Personal information
- Full name: Maurice W. O'Keefe
- Date of birth: 22 January 1954 (age 71)
- Original team(s): Bungaree FC
- Height: 183 cm (6 ft 0 in)
- Weight: 85 kg (187 lb)

Playing career^{1}
- Years: Club / Games (Goals)
- 1977–1979: St Kilda / 51 (51)
- 1980: Geelong / 1 (1)
- Total:  / 52 (52)
- ^{1} Playing statistics correct to the end of 1980.

= Maurice O'Keefe =

Australian rules footballer

Maurice O'Keefe (born 22 January 1954) is a former Australian rules footballer who played with St Kilda and Geelong in the Victorian Football League (VFL).

O'Keefe was from Bungaree near Ballarat and started his St Kilda career in 1977. A wingman, he had his best season in 1978 when he averaged 17 disposals from his 21 games, the third most at the club.

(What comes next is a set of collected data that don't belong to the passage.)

lemma since_from_split:
  assumes "m < p" and mono: "\<And>a b. a \<le> b \<Longrightarrow> b \<le> p \<Longrightarrow> tau a \<le> tau b"
  shows "since_from 0 tau I A B p \<longleftrightarrow> since_from (Suc m) tau I A B p \<or>
    (\<forall>x. m < x \<and> x \<le> p \<longrightarrow> A x) \<and> since_from 0 tau (shift_int (tau p - tau m) I) A B m"
proof -
  have "since_from 0 tau I A B p \<longleftrightarrow> since_from (Suc m) tau I A B p \<or>
      (\<exists>w. w \<le> m \<and> in_int I (tau p - tau w) \<and> B w \<and> (\<forall>x. w < x \<and> x \<le> p \<longrightarrow> A x))"
  proof
    assume "since_from 0 tau I A B p"
    then obtain w where w: "w \<le> p" "in_int I (tau p - tau w)" "B w" "\<forall>x. w < x \<and> x \<le> p \<longrightarrow> A x"
      unfolding since_from_def by blast
    show "since_from (Suc m) tau I A B p \<or>
      (\<exists>w. w \<le> m \<and> in_int I (tau p - tau w) \<and> B w \<and> (\<forall>x. w < x \<and> x \<le> p \<longrightarrow> A x))"
    proof (cases "m < w")
      case True
      then have "since_from (Suc m) tau I A B p"
        unfolding since_from_def using w by (intro exI[of _ w]) auto
      then show ?thesis ..
    next
      case False
      then show ?thesis using w by (metis not_less)
    qed
  next
    assume "since_from (Suc m) tau I A B p \<or>
      (\<exists>w. w \<le> m \<and> in_int I (tau p - tau w) \<and> B w \<and> (\<forall>x. w < x \<and> x \<le> p \<longrightarrow> A x))"
    then show "since_from 0 tau I A B p"
      unfolding since_from_def using assms(1) by (meson le0 le_trans less_imp_le)
  qed
  also have "\<dots> \<longleftrightarrow> since_from (Suc m) tau I A B p \<or>
      (\<forall>x. m < x \<and> x \<le> p \<longrightarrow> A x) \<and> since_from 0 tau (shift_int (tau p - tau m) I) A B m"
  proof -
    have "(w \<le> m \<and> in_int I (tau p - tau w) \<and> B w \<and> (\<forall>x. w < x \<and> x \<le> p \<longrightarrow> A x)) \<longleftrightarrow>
      (\<forall>x. m < x \<and> x \<le> p \<longrightarrow> A x) \<and> (0 \<le> w \<and> w \<le> m \<and>
        in_int I (tau p - tau m + (tau m - tau w)) \<and> B w \<and> (\<forall>x. w < x \<and> x \<le> m \<longrightarrow> A x))" for w
    proof (cases "w \<le> m")
      case True
      then have "tau p - tau w = tau p - tau m + (tau m - tau w)"
        using mono[of w m] mono[of m p] assms(1) by simp
      moreover have "(\<forall>x. w < x \<and> x \<le> p \<longrightarrow> A x) \<longleftrightarrow>
          (\<forall>x. m < x \<and> x \<le> p \<longrightarrow> A x) \<and> (\<forall>x. w < x \<and> x \<le> m \<longrightarrow> A x)"
        using assms(1) True by (meson le_less_trans not_le order.trans less_imp_le)
      ultimately show ?thesis by (simp only:) blast
    qed auto
    then show ?thesis unfolding since_from_def in_int_shift_int by simp
  qed
  finally show ?thesis .
qed

text \<open>Deleting the positions in \<open>(i, j]\<close>: later timestamps move back by \<open>tau j - tau i\<close>, so
  that the step after \<open>i\<close> takes as long as the step after \<open>j\<close> did.\<close>

locale segment_cut =
  fixes lam i j :: nat and tau :: "nat \<Rightarrow> nat"
  assumes i_less_j: "i < j" and j_less_lam: "j < lam"
    and mono: "\<And>a b. a \<le> b \<Longrightarrow> b < lam \<Longrightarrow> tau a \<le> tau b"
begin

definition "cut_len = lam - (j - i)"
definition "cut_pos q = (if q \<le> i then q else q + (j - i))"
definition "cut_time q = (if q \<le> i then tau q else tau (q + (j - i)) - (tau j - tau i))"

lemma less_cut_len_iff: "q < cut_len \<longleftrightarrow> q + (j - i) < lam"
  using i_less_j j_less_lam by (auto simp: cut_len_def)

lemma i_less_cut_len: "i < cut_len"
  using i_less_j j_less_lam by (simp add: less_cut_len_iff)

lemma cut_pos_less: "q < cut_len \<Longrightarrow> cut_pos q < lam"
  using i_less_j j_less_lam by (auto simp: cut_pos_def less_cut_len_iff)

lemma cut_time_low: "q \<le> i \<Longrightarrow> cut_time q = tau q"
  by (simp add: cut_time_def)

lemma tau_i_le_j: "tau i \<le> tau j"
  using i_less_j j_less_lam by (auto intro: mono)

lemma cut_time_high:
  assumes "i \<le> q" and "q < cut_len"
  shows "cut_time q = tau (q + (j - i)) - (tau j - tau i)"
  using assms tau_i_le_j i_less_j by (cases "q = i") (auto simp: cut_time_def)

lemma cut_time_gap_high:
  assumes "i \<le> x" and "x \<le> y" and "y < cut_len"
  shows "cut_time y - cut_time x = tau (y + (j - i)) - tau (x + (j - i))"
proof -
  have "tau j \<le> tau (x + (j - i))" "tau (x + (j - i)) \<le> tau (y + (j - i))"
    using assms i_less_j by (auto intro!: mono simp: less_cut_len_iff)
  then show ?thesis using assms tau_i_le_j by (simp add: cut_time_high)
qed

lemma cut_time_mono:
  assumes "a \<le> b" and "b < cut_len"
  shows "cut_time a \<le> cut_time b"
proof -
  have "tau i \<le> tau j" "i < b \<Longrightarrow> tau j \<le> tau (b + (j - i))"
    "i < a \<Longrightarrow> tau (a + (j - i)) \<le> tau (b + (j - i))" "a \<le> i \<Longrightarrow> tau a \<le> tau i"
    "b \<le> i \<Longrightarrow> tau a \<le> tau b"
    using assms i_less_j j_less_lam by (auto intro!: mono simp: less_cut_len_iff)
  then show ?thesis using assms(1) by (auto simp: cut_time_def)
qed

lemma cut_len_less: "cut_len < lam"
  using i_less_j j_less_lam by (simp add: cut_len_def)

lemma cut_len_plus: "cut_len + (j - i) = lam"
  using i_less_j j_less_lam by (simp add: cut_len_def)

lemma cut_pos_low: "x \<le> i \<Longrightarrow> cut_pos x = x" and cut_pos_high: "i < x \<Longrightarrow> cut_pos x = x + (j - i)"
  by (simp_all add: cut_pos_def)

lemma until_cut:
  assumes A: "\<And>x. x < cut_len \<Longrightarrow> A' x = A (cut_pos x)"
    and B: "\<And>x. x < cut_len \<Longrightarrow> B' x = B (cut_pos x)"
    and ij: "A i = A j" "B i = B j"
    and same_type: "\<And>D. until_at lam tau (shift_int D I) A B i = until_at lam tau (shift_int D I) A B j"
    and q: "q < cut_len"
  shows "until_at cut_len cut_time I A' B' q = until_at lam tau I A B (cut_pos q)"
proof (cases "i < q")
  case True
  have "until_at cut_len cut_time I A' B' q = until_at (cut_len + (j - i)) tau I A B (q + (j - i))"
    by (rule until_at_reindex) (use True A B cut_time_gap_high in \<open>auto simp: cut_pos_high\<close>)
  then show ?thesis using True by (simp add: cut_len_plus cut_pos_high)
next
  case False
  let ?D = "tau i - tau q"
  have D: "cut_time i - cut_time q = ?D" using False by (simp add: cut_time_low)
  have "until_at i cut_time I A' B' q = until_at (i + 0) tau I A B (q + 0)"
    by (rule until_at_reindex) (use i_less_cut_len A B in \<open>auto simp: cut_pos_low cut_time_low\<close>)
  then have low: "until_at i cut_time I A' B' q = until_at i tau I A B q" by simp
  have A_low: "(\<forall>x. q \<le> x \<and> x < i \<longrightarrow> A' x) \<longleftrightarrow> (\<forall>x. q \<le> x \<and> x < i \<longrightarrow> A x)"
    using A i_less_cut_len by (auto simp: cut_pos_low)
  have "until_at cut_len cut_time (shift_int ?D I) A' B' i =
      until_at (cut_len + (j - i)) tau (shift_int ?D I) A B (i + (j - i))"
  proof (rule until_at_reindex)
    fix x assume "i \<le> x" "x < cut_len"
    then show "A' x = A (x + (j - i)) \<and> B' x = B (x + (j - i)) \<and>
      cut_time x - cut_time i = tau (x + (j - i)) - tau (i + (j - i))"
      using A[of x] B[of x] ij i_less_j cut_time_gap_high[of i x]
      by (cases "x = i") (auto simp: cut_pos_low cut_pos_high)
  qed
  then have high: "until_at cut_len cut_time (shift_int ?D I) A' B' i =
      until_at lam tau (shift_int ?D I) A B i"
    using same_type i_less_j by (simp add: cut_len_plus)
  have "until_at cut_len cut_time I A' B' q \<longleftrightarrow> until_at i cut_time I A' B' q \<or>
      (\<forall>x. q \<le> x \<and> x < i \<longrightarrow> A' x) \<and> until_at cut_len cut_time (shift_int ?D I) A' B' i"
    using False i_less_cut_len cut_time_mono by (subst until_at_split[of q i]) (simp_all add: D)
  also have "\<dots> \<longleftrightarrow> until_at lam tau I A B q"
    using False i_less_j j_less_lam mono
    by (subst until_at_split[of q i]) (simp_all add: low A_low high)
  finally show ?thesis using False by (simp add: cut_pos_low)
qed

He also kicked 29 goals that year.

After not being able to meet a new requirement that St Kilda players had to be based in Melbourne, O'Keefe got a clearance to Geelong. He played for them in the opening round of the 1980 VFL season but didn't appear again.

He won a Maskell Medal in 1984 while playing for Port Fairy in the Hampden Football League.